When she took a break, Lobsang joined her by the rough-and-ready bar. He said, sipping a whisky, ‘I will always regret that I now have conscious control over my degree of drunkenness. And we could have been better prepared for this. We spent nine years training to be pioneers. We should have just downloaded a barn-dancing application.’
Agnes snorted. ‘Where’s the fun in that? Or the authenticity? You’re a city boy come to learn the ways of the country, Lob—George. Get used to it. Enjoy.’
‘Yes, but—’ He was interrupted, grabbed at the elbows by two burly middle-aged women who hauled him back into the line.
A smiling woman, dark, forty-ish, approached Agnes with a fresh cup of lemonade. ‘Sorry about that. We always seem to be short of men at these dances, and Bella and Meg can be a little boisterous when there’s fresh meat around. Like big birds on the prowl.’
‘Fresh meat? George will be flattered. Nothing fresh about us, I’m afraid.’

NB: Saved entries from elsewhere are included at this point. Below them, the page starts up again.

(* For all integers $k\ge 3$ and $n\ge 2$, the snake graph $S_{k,n}$ is odd prime.
   Context: All graphs are finite and simple. A graph $G$ of order $N$ is odd prime if there is a bijection $\ell:V(G)\to\{1,3,\ldots,2N-1\}$ with $\gcd(\ell(u),\ell(v))=1$ for every edge $uv$. The snake graph $S_{k,n}$ consists of a path $v_1,v_2,\ldots,v_n$ together with, for each $i=1,\ldots,n-1$, new vertices $w_{i,1},\ldots,w_{i,k-2}$ and the path $v_i,w_{i,1},w_{i,2},\ldots,w_{i,k-2},v_{i+1}$; thus each edge $v_iv_{i+1}$ lies on a $k$-cycle, and $S_{k,n}$ has $(k-1)(n-1)+1$ vertices. *)

theory Defs
  imports Main
begin

definition odd_prime_graph :: "'a set \<Rightarrow> 'a set set \<Rightarrow> bool" where
  "odd_prime_graph V E \<longleftrightarrow>
     (\<exists>l. bij_betw l V {m :: nat. odd m \<and> m < 2 * card V} \<and>
          (\<forall>u v. {u, v} \<in> E \<longrightarrow> gcd (l u) (l v) = 1))"

text \<open>Snake graph S_{k,n}: vertex v_i is encoded as (i,0) for 1 \<le> i \<le> n,
vertex w_{i,j} as (i,j) for 1 \<le> i \<le> n-1 and 1 \<le> j \<le> k-2.\<close>

definition snake_vertices :: "nat \<Rightarrow> nat \<Rightarrow> (nat \<times> nat) set" where
  "snake_vertices k n =
     {(i, 0) | i. 1 \<le> i \<and> i \<le> n} \<union>
     {(i, j) | i j. 1 \<le> i \<and> i \<le> n - 1 \<and> 1 \<le> j \<and> j \<le> k - 2}"

definition snake_edges :: "nat \<Rightarrow> nat \<Rightarrow> (nat \<times> nat) set set" where
  "snake_edges k n =
     {{(i, 0), (i + 1, 0)} | i. 1 \<le> i \<and> i \<le> n - 1} \<union>
     {{(i, 0), (i, 1)} | i. 1 \<le> i \<and> i \<le> n - 1} \<union>
     {{(i, j), (i, j + 1)} | i j. 1 \<le> i \<and> i \<le> n - 1 \<and> 1 \<le> j \<and> j + 1 \<le> k - 2} \<union>
     {{(i, k - 2), (i + 1, 0)} | i. 1 \<le> i \<and> i \<le> n - 1}"

end

theory Submission
  imports Defs
begin

text \<open>Number the vertices of S_{k,n} along the snake: v_i gets position (i-1)(k-1) and the
  k-2 inner vertices of the i-th cycle follow it, so the positions are exactly 0, ..., (k-1)(n-1);
  the vertex at position p is labelled 2p+1. Every edge then joins positions c d and
  (c+1) d, with d = 1 along the cycles and d = k-1 along the spine v_1 ... v_n, and the labels
  2cd+1 and 2(c+1)d+1 are coprime because their difference 2d is coprime to 2cd+1.\<close>

lemma coprime_consecutive_multiples_add_1:
  fixes m c :: nat
  shows "coprime (m * c + 1) (m * (c + 1) + 1)"
proof -
  have "gcd (m * c + 1) (m * (c + 1) + 1) = gcd (m * c + 1) m"
    using gcd_add2 [of "m * c + 1" m] by (simp add: algebra_simps)
  also have "\<dots> = gcd m 1"
    using gcd_add_mult [of m c 1] by (simp add: gcd.commute mult.commute)
  finally show ?thesis
    by (simp add: coprime_iff_gcd_eq_1)
qed

lemma bij_betw_odd_lessThan:
  "bij_betw (\<lambda>p. 2 * p + 1) {..<N} {m :: nat. odd m \<and> m < 2 * N}"
proof (rule bij_betw_imageI)
  show "inj_on (\<lambda>p. 2 * p + 1) {..<N}"
    by (rule inj_onI) simp
  show "(\<lambda>p. 2 * p + 1) ` {..<N} = {m. odd m \<and> m < 2 * N}"
    by (auto elim!: oddE)
qed

lemma odd_prime_graphI:
  assumes "bij_betw f V {..<card V}"
    and "\<And>u v. {u, v} \<in> E \<Longrightarrow> coprime (2 * f u + 1) (2 * f v + 1)"
  shows "odd_prime_graph V E"
  unfolding odd_prime_graph_def
proof (intro exI conjI allI impI)
  show "bij_betw (\<lambda>x. 2 * f x + 1) V {m. odd m \<and> m < 2 * card V}"
    using bij_betw_trans [OF assms(1) bij_betw_odd_lessThan] by (simp add: comp_def)
  show "gcd (2 * f u + 1) (2 * f v + 1) = 1" if "{u, v} \<in> E" for u v
    using assms(2) [OF that] by (simp add: coprime_iff_gcd_eq_1)
qed

fun snake_position :: "nat \<Rightarrow> nat \<times> nat \<Rightarrow> nat" where
  "snake_position k (i, j) = (i - 1) * (k - 1) + j"

lemma snake_vertices_iff:
  "(i, j) \<in> snake_vertices k n \<longleftrightarrow>
     1 \<le> i \<and> (j = 0 \<and> i \<le> n \<or> i \<le> n - 1 \<and> 1 \<le> j \<and> j \<le> k - 2)"
  by (auto simp: snake_vertices_def)

lemma bij_betw_snake_position:
  assumes "k \<ge> 2" and "n \<ge> 1"
  shows "bij_betw (snake_position k) (snake_vertices k n) {..<(k - 1) * (n - 1) + 1}"
proof -
  define K where "K = k - 1"
  have "K \<ge> 1"
    using assms(1) by (simp add: K_def)
  have pos: "snake_position k (i, j) = (i - 1) * K + j" for i j
    by (simp add: K_def)
  let ?unpos = "\<lambda>p. (p div K + 1, p mod K)"
  show ?thesis
  proof (rule bij_betw_byWitness [where f' = ?unpos])
    show "\<forall>x \<in> snake_vertices k n. ?unpos (snake_position k x) = x"
      using \<open>K \<ge> 1\<close> by (auto simp: snake_vertices_iff K_def)
    show "\<forall>p \<in> {..<(k - 1) * (n - 1) + 1}. snake_position k (?unpos p) = p"
      by (simp only: pos) simp
    show "snake_position k ` snake_vertices k n \<subseteq> {..<(k - 1) * (n - 1) + 1}"
    proof clarify
      fix i j
      assume "(i, j) \<in> snake_vertices k n"
      then consider "1 \<le> i" "j = 0" "i \<le> n" | "1 \<le> i" "i + 1 \<le> n" "j < K"
        using assms by (auto simp: snake_vertices_iff K_def)
      then have "(i - 1) * K + j \<le> (n - 1) * K"
      proof cases
        case 1
        then show ?thesis
          by (simp add: diff_le_mono)
      next
        case 2
        then have "(i - 1) * K + j < i * K"
          by (cases i) auto
        also have "\<dots> \<le> (n - 1) * K"
          using 2 by simp
        finally show ?thesis
          by simp
      qed
      then show "snake_position k (i, j) < (k - 1) * (n - 1) + 1"
        by (simp add: pos K_def mult.commute)
    qed
    show "?unpos ` {..<(k - 1) * (n - 1) + 1} \<subseteq> snake_vertices k n"
    proof clarify
      fix p
      assume "p < (k - 1) * (n - 1) + 1"
      then have p: "p \<le> (n - 1) * K"
        by (simp add: K_def mult.commute)
      then have "p div K \<le> n - 1"
        by (metis \<open>K \<ge> 1\<close> div_le_mono nonzero_mult_div_cancel_right not_one_le_zero)
      moreover have "p div K < n - 1" if "p mod K \<noteq> 0"
      proof -
        have "p \<noteq> (n - 1) * K"
          using that by auto
        then have "p < (n - 1) * K"
          using p by simp
        then show ?thesis
          by (simp add: less_mult_imp_div_less)
      qed
      moreover have "p mod K \<le> k - 2"
        using mod_less_divisor [of K p] \<open>K \<ge> 1\<close> unfolding K_def by linarith
      ultimately show "?unpos p \<in> snake_vertices k n"
        using assms(2) by (force simp: snake_vertices_iff)
    qed
  qed
qed

lemma snake_edge_positions:
  assumes "k \<ge> 2" and "{u, v} \<in> snake_edges k n"
  shows "\<exists>c d. {snake_position k u, snake_position k v} = {c * d, (c + 1) * d}"
proof -
  let ?pos = "snake_position k"
  have "\<exists>x y. {u, v} = {x, y} \<and> (\<exists>c d. ?pos x = c * d \<and> ?pos y = (c + 1) * d)"
    using assms(2) unfolding snake_edges_def
  proof (elim UnE CollectE exE conjE)
    fix i
    assume "{u, v} = {(i, 0), (i + 1, 0)}" "1 \<le> i"
    moreover have "?pos (i + 1, 0) = (i - 1 + 1) * (k - 1)"
      using \<open>1 \<le> i\<close> by simp
    ultimately show ?thesis
      by (metis snake_position.simps add_0_right)
  next
    fix i
    assume "{u, v} = {(i, 0), (i, 1)}"
    moreover have "?pos (i, 1) = ?pos (i, 0) + 1"
      by simp
    ultimately show ?thesis
      by (metis mult.right_neutral)
  next
    fix i j
    assume "{u, v} = {(i, j), (i, j + 1)}"
    moreover have "?pos (i, j + 1) = ?pos (i, j) + 1"
      by simp
    ultimately show ?thesis
      by (metis mult.right_neutral)
  next
    fix i
    assume "{u, v} = {(i, k - 2), (i + 1, 0)}" "1 \<le> i"
    moreover obtain m where "k = m + 2"
      using \<open>k \<ge> 2\<close> by (metis add.commute le_add_diff_inverse)
    then have "?pos (i + 1, 0) = ?pos (i, k - 2) + 1"
      using \<open>1 \<le> i\<close> by (cases i) (simp_all add: algebra_simps)
    ultimately show ?thesis
      by (metis mult.right_neutral)
  qed
  then show ?thesis
    by (metis image_insert image_empty)
qed

theorem theorem3p2:
  fixes k n :: nat
  assumes "k \<ge> 3" and "n \<ge> 2"
  shows "odd_prime_graph (snake_vertices k n) (snake_edges k n)"
proof (rule odd_prime_graphI)
  have "bij_betw (snake_position k) (snake_vertices k n) {..<(k - 1) * (n - 1) + 1}"
    using assms by (intro bij_betw_snake_position) simp_all
  moreover from this have "card (snake_vertices k n) = (k - 1) * (n - 1) + 1"
    by (simp add: bij_betw_same_card)
  ultimately show "bij_betw (snake_position k) (snake_vertices k n) {..<card (snake_vertices k n)}"
    by simp
  fix u v
  assume "{u, v} \<in> snake_edges k n"
  then obtain c d where cd: "{snake_position k u, snake_position k v} = {c * d, (c + 1) * d}"
    using assms(1) snake_edge_positions [of k u v n] by auto
  have "coprime (2 * (c * d) + 1) (2 * ((c + 1) * d) + 1)"
    using coprime_consecutive_multiples_add_1 [of "2 * d" c] by (simp only: ac_simps)
  with cd show "coprime (2 * snake_position k u + 1) (2 * snake_position k v + 1)"
    by (auto simp: doubleton_eq_iff coprime_commute)
qed

end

‘Oh, I wouldn’t say that; you’re making a fine impression.’ She stuck out her hand to shake. ‘I am Marina Irwin. My husband Oliver is out there somewhere.’
‘Irwin. Oh, it’s your boy who’s babysitting for us tonight. Nikos?’
‘That’s right. For a suitable fee, I’m sure. Quite the capitalist, my Nikos, for a twelve-year-old boy who’s grown up out in the green.’
‘It’s kind of him to miss the dance for us.’
‘Well, it was a sacrifice for him. But give him another year and we won’t be able to prise him away from the girls …’
Maybe, Agnes thought doubtfully. She had met rather a lot of twelve-year-old boys during her years in the Home in Madison, and Nikos struck her immediately as a decent enough kid – but a kid with a secret, a big one, an observation that had nagged at her since she’d met him.
Marina was still talking. ‘… I wouldn’t object if you gave him some work on your farmstead, by the way. It would be good for him to have some experience of that. Not many of us farm any more.’
Agnes pointed. ‘Sheep over there.’
‘Sure. We keep sheep mostly for the wool,’ and she smoothed her own dress, which, Agnes saw in the uncertain light, was knitted, and tinted a pleasant apple-green, presumably by some vegetable dye. ‘All you get from the local furballs – the forest animals – are scraps of skin. The feathers from the big birds are more useful, actually.’ Her voice had a pleasant lilt, Mediterranean, perhaps Greek, Agnes thought. ‘We do raise some crops – mostly potatoes, for the Stepper boxes. And for emergency food reserves, though this world is so clement we rarely need to dig into those.’ Though, even as she said that, the breeze picked up again, and Marina pushed loose hair from her forehead with a puzzled frown. She went on, ‘The first people here intended to go in for farming – they cleared the forest, marked out fields, the works. The old Barrow place up on Manning Hill, that you’ve taken over? That was one of them, as you’ll have guessed. And the old Poulson house is another – you know, the swap house, our local haunted house! My Nikos spends half his life in there, I think it’s a kind of clubhouse for him and his buddies. He’ll grow out of that.’